Pada dasarnya, seorang ahli hukum, terutama bilamana dia mempunyai tugas sebagai hakim, masih harus menyentuh sekitar hakekat dari keadilan, justru dipandang sebagai suatu keharusan. Dan ini justru diakibatkan hal-hal dari “praktek itu sendiri”. Dikatakan bahwa jika seorang ahli hukum berpraktek hakim menyerahkan dirinya sepenuhnya kepada hal-hal yang “telah ditetapkan” maka ia akan sampai berada didalam suatu lingkungan praktek dimana disebut mengadili. Ketidaktenangan itu adalah suatu rasa khawatir, yaitu khawatir oleh karena tidak termasuk dalam lingkungan yang dapat dikatakan “aman” didalam praktek. Dia akan dikatakan oleh umum menympang dari biasanya. Harus diakui bahwa persoalan ini lebih merupakan persoalan moral, bukan masalah praktis.

Ahli-ahli hukum, tentunya juga hakim pidana harus menyadari bahwa ada suatu bahaya yang lebih besar, yaitu disebabkan oleh teori-teori yang banyak mengenai hukum dan undang-undang, mereka akan menjadi lupa mengenai hukum sebagai suatu tujuan dan pengisi kehidupan manusia. Mereka menjadi buta mengenal hukum, dimana asas setiap orang akan menerima haknya benar-benar suatu kenyataan hidup. Hal yang pertama-tama harus direnungkannya adalah bahwa adalah keliru jika ilmu hukum pidana sebagai ilmu pengetahuan normative dipertentangkan dengan kriminologi dan ilmu-ilmu social lainnya yang disebut ilmu pengetahuan tentang kenyataan. Karena perbedaan itu, ilmu hukum pidana adalah semata-mata suatu ilmu pengetahuan mengenai norma-norma yang telah ditetapkan. Sebaliknya, seorang kriminolog mempunyai pengetahuan tentang kenyataan dari kejahatan sebagai gejala kejahatan. Menurut pandangan itu juga, untuk menjadi hakim pidana tidak perlu disyaratkan bahwa ia harus mempunyai pengetahuan kriminologi.

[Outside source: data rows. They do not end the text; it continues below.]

section \<open>Nearest sample point with tie-breaking by rank\<close>

definition rank_min :: "'a set \<Rightarrow> ('a \<Rightarrow> 'b::linorder) \<Rightarrow> 'a" where
  "rank_min A \<sigma> = (THE i. i \<in> A \<and> \<sigma> i = Min (\<sigma> ` A))"

lemma rank_min_unique:
  assumes "finite A" "A \<noteq> {}" "inj_on \<sigma> A"
  shows "\<exists>!i. i \<in> A \<and> \<sigma> i = Min (\<sigma> ` A)"
proof -
  have "Min (\<sigma> ` A) \<in> \<sigma> ` A" using assms(1,2) by (intro Min_in) auto
  then obtain i where "i \<in> A" "\<sigma> i = Min (\<sigma> ` A)" by auto
  moreover have "j = i" if "j \<in> A" "\<sigma> j = Min (\<sigma> ` A)" for j
    using inj_onD[OF assms(3)] that \<open>i \<in> A\<close> \<open>\<sigma> i = Min (\<sigma> ` A)\<close> by metis
  ultimately show ?thesis by blast
qed

lemma rank_min:
  assumes "finite A" "A \<noteq> {}" "inj_on \<sigma> A"
  shows "rank_min A \<sigma> \<in> A" and "\<sigma> (rank_min A \<sigma>) = Min (\<sigma> ` A)"
  using theI'[OF rank_min_unique[OF assms]] by (simp_all add: rank_min_def)

lemma rank_min_eqI:
  assumes "finite A" "inj_on \<sigma> A" "i \<in> A" "\<sigma> i = Min (\<sigma> ` A)"
  shows "rank_min A \<sigma> = i"
  unfolding rank_min_def using assms by (intro the1_equality rank_min_unique) auto

lemma rank_min_vimage:
  assumes "bij \<pi>" "finite A" "A \<noteq> {}" "inj_on \<sigma> A"
  shows "\<pi> (rank_min (\<pi> -` A) (\<sigma> \<circ> \<pi>)) = rank_min A \<sigma>"
proof -
  let ?i = "rank_min A \<sigma>"
  have surj: "\<pi> ` (\<pi> -` A) = A" using assms(1) by (simp add: bij_is_surj)
  have "rank_min (\<pi> -` A) (\<sigma> \<circ> \<pi>) = inv \<pi> ?i"
  proof (rule rank_min_eqI)
    show "finite (\<pi> -` A)" using assms(1,2) by (simp add: bij_is_inj finite_vimageI)
    show "inj_on (\<sigma> \<circ> \<pi>) (\<pi> -` A)"
      by (intro comp_inj_on inj_on_subset[OF bij_is_inj[OF assms(1)]])
        (simp_all add: assms(4) bij_is_surj[OF assms(1)])
    show "inv \<pi> ?i \<in> \<pi> -` A"
      using rank_min(1)[OF assms(2-4)] by (simp add: surj_f_inv_f[OF bij_is_surj[OF assms(1)]])
    have "(\<sigma> \<circ> \<pi>) ` (\<pi> -` A) = \<sigma> ` A" by (metis image_comp surj)
    then show "(\<sigma> \<circ> \<pi>) (inv \<pi> ?i) = Min ((\<sigma> \<circ> \<pi>) ` (\<pi> -` A))"
      using rank_min(2)[OF assms(2-4)] by (simp add: surj_f_inv_f[OF bij_is_surj[OF assms(1)]])
  qed
  then show ?thesis by (simp add: surj_f_inv_f[OF bij_is_surj[OF assms(1)]])
qed

lemma vd_index_eq_rank_min: "vd_index n x S \<sigma> = rank_min (nearest_set n x S) \<sigma>"
  by (simp add: vd_index_def rank_min_def)

lemma nearest_set_subset: "nearest_set n x S \<subseteq> {1..n}"
  by (auto simp: nearest_set_def)

lemma nearest_set_nonempty:
  assumes "1 \<le> n"
  shows "nearest_set n x S \<noteq> {}"
proof -
  let ?d = "\<lambda>i. dist x (S i)"
  have "Min (?d ` {1..n}) \<in> ?d ` {1..n}" using assms by (intro Min_in) auto
  then obtain i where "i \<in> {1..n}" "?d i = Min (?d ` {1..n})" by auto
  then show ?thesis by (auto simp: nearest_set_def)
qed

lemma vd_index_in:
  assumes "1 \<le> n" "inj_on \<sigma> {1..n}"
  shows "vd_index n x S \<sigma> \<in> {1..n}"
proof -
  have "vd_index n x S \<sigma> \<in> nearest_set n x S"
    unfolding vd_index_eq_rank_min
    by (rule rank_min(1)[OF finite_subset[OF nearest_set_subset] nearest_set_nonempty[OF assms(1)]
          inj_on_subset[OF assms(2) nearest_set_subset]]) simp
  then show ?thesis using nearest_set_subset by blast
qed

lemma nearest_set_reindex:
  assumes "\<pi> permutes {1..n}"
  shows "nearest_set n x (\<lambda>i\<in>{1..n}. S (\<pi> i)) = \<pi> -` nearest_set n x S"
proof -
  have "(\<forall>k\<in>{1..n}. dist x (S (\<pi> i)) \<le> dist x (S (\<pi> k)))
      \<longleftrightarrow> (\<forall>k\<in>{1..n}. dist x (S (\<pi> i)) \<le> dist x (S k))" for i
    using bij_betw_ball[OF permutes_imp_bij[OF assms], of "\<lambda>k. dist x (S (\<pi> i)) \<le> dist x (S k)"]
    by simp
  then show ?thesis
    using permutes_in_image[OF assms] by (auto simp: nearest_set_def)
qed

lemma vd_index_reindex:
  assumes "1 \<le> n" "inj_on \<sigma> {1..n}" "\<pi> permutes {1..n}"
  shows "\<pi> (vd_index n x (\<lambda>i\<in>{1..n}. S (\<pi> i)) (\<sigma> \<circ> \<pi>)) = vd_index n x S \<sigma>"
  unfolding vd_index_eq_rank_min nearest_set_reindex[OF assms(3)]
  by (rule rank_min_vimage[OF permutes_bij[OF assms(3)] finite_subset[OF nearest_set_subset]
        nearest_set_nonempty[OF assms(1)] inj_on_subset[OF assms(2) nearest_set_subset]]) simp
theorem proposition3:
  fixes n :: nat and p \<alpha> :: real
  assumes "odd n"
    and "1/2 \<le> p" "p < 1"
    and "0 < \<alpha>" "\<alpha> < 1/2"
    and "(1 - \<alpha>) * (1 - p) > \<alpha> * p"
    and "p < Pc_theta_Y p \<alpha> n"
  shows "\<exists>\<epsilon>L < root n (Pc_theta_Y p \<alpha> n).
           \<forall>\<epsilon>. \<epsilon>L \<le> \<epsilon> \<and> \<epsilon> \<le> root n (Pc_theta_Y p \<alpha> n) \<longrightarrow>
             (is_channel n (Zchan n (zeta p \<alpha> n \<epsilon>))
              \<and> Pc_theta_Z p \<alpha> n (Zchan n (zeta p \<alpha> n \<epsilon>)) \<le> \<epsilon> ^ n
              \<and> Pc_Y_Z p \<alpha> n (Zchan n (zeta p \<alpha> n \<epsilon>))
                  = 1 - zeta p \<alpha> n \<epsilon> * (p * (1 - \<alpha>) ^ n + (1 - p) * \<alpha> ^ n))
             \<and> (\<forall>W. is_channel n W \<and> Pc_theta_Z p \<alpha> n W \<le> \<epsilon> ^ n \<longrightarrow>
                  Pc_Y_Z p \<alpha> n W \<le> 1 - zeta p \<alpha> n \<epsilon> * (p * (1 - \<alpha>) ^ n + (1 - p) * \<alpha> ^ n))"
proof -
  have params: "0 \<le> \<alpha>" "\<alpha> \<le> 1/2" "1/2 \<le> p" "p \<le> 1" "0 < n"
    using assms by (auto intro: odd_pos)
  note gaps = weighted_powers_less[OF assms(4,5,2) params(4,5) assms(6)]
  obtain \<epsilon>L where "\<epsilon>L < root n (Pc_theta_Y p \<alpha> n)" and \<zeta>_small:
    "\<forall>\<epsilon>. \<epsilon>L \<le> \<epsilon> \<and> \<epsilon> \<le> root n (Pc_theta_Y p \<alpha> n) \<longrightarrow>
      0 \<le> zeta p \<alpha> n \<epsilon> \<and> zeta p \<alpha> n \<epsilon> \<le> 1
      \<and> zeta p \<alpha> n \<epsilon> * (p * (1 - \<alpha>) ^ n - (1 - p) * \<alpha> ^ n) \<le> (1 - p) * (1 - \<alpha>) ^ n - p * \<alpha> ^ n
      \<and> zeta p \<alpha> n \<epsilon> * (p * (1 - \<alpha>) ^ n + (1 - p) * \<alpha> ^ n) \<le> (1 - p) * (1 - \<alpha>) ^ n + p * \<alpha> ^ n"
    using zeta_small_left_of_root[OF params(1) _ params(4,5) _ gaps] params assms(7) by auto
  show ?thesis
  proof (intro exI conjI allI impI)
    fix \<epsilon> assume "\<epsilon>L \<le> \<epsilon> \<and> \<epsilon> \<le> root n (Pc_theta_Y p \<alpha> n)"
    then show "is_channel n (Zchan n (zeta p \<alpha> n \<epsilon>))"
      and "Pc_theta_Z p \<alpha> n (Zchan n (zeta p \<alpha> n \<epsilon>)) \<le> \<epsilon> ^ n"
      and "Pc_Y_Z p \<alpha> n (Zchan n (zeta p \<alpha> n \<epsilon>))
        = 1 - zeta p \<alpha> n \<epsilon> * (p * (1 - \<alpha>) ^ n + (1 - p) * \<alpha> ^ n)"
      using \<zeta>_small is_channel_Zchan Pc_theta_Z_Zchan[OF params] Pc_Y_Z_Zchan params gaps(1)
      by (auto simp: zeta_def)
  next
    fix \<epsilon> W assume "is_channel n W \<and> Pc_theta_Z p \<alpha> n W \<le> \<epsilon> ^ n"
    then show "Pc_Y_Z p \<alpha> n W \<le> 1 - zeta p \<alpha> n \<epsilon> * (p * (1 - \<alpha>) ^ n + (1 - p) * \<alpha> ^ n)"
      using Pc_Y_Z_le_if_Pc_theta_Z_le[OF params(1-4) gaps(1)] by auto
  qed fact
qed

end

Perluasan dari pengetahuan dan pandangan itu juga dapat didorong bilamana dining antara ilmu pengetahuan normatif diterobos, bagi ahli-ahli hukum penerobosan ini mempunyai arti yang cukup besar, sebab bagi mereka hukum dan mengadili akan mendapat arti yang lebih dalam dan lebih nyata dalam kehidupan sehari-hari. Kini hubungan antara lembaga seperti lembaga kriminologi, dengan para hakim-hakim pidana itulah yang dapat mendorong kepada adanya kerjasama yang baik antara hakim-haki dan petugas-petugas lain yang terlibat dalam pidana dan peradilan pidana itu. Hanya caranya perlu dipikirkan agar terjadi integrasi satu dengan yang lain.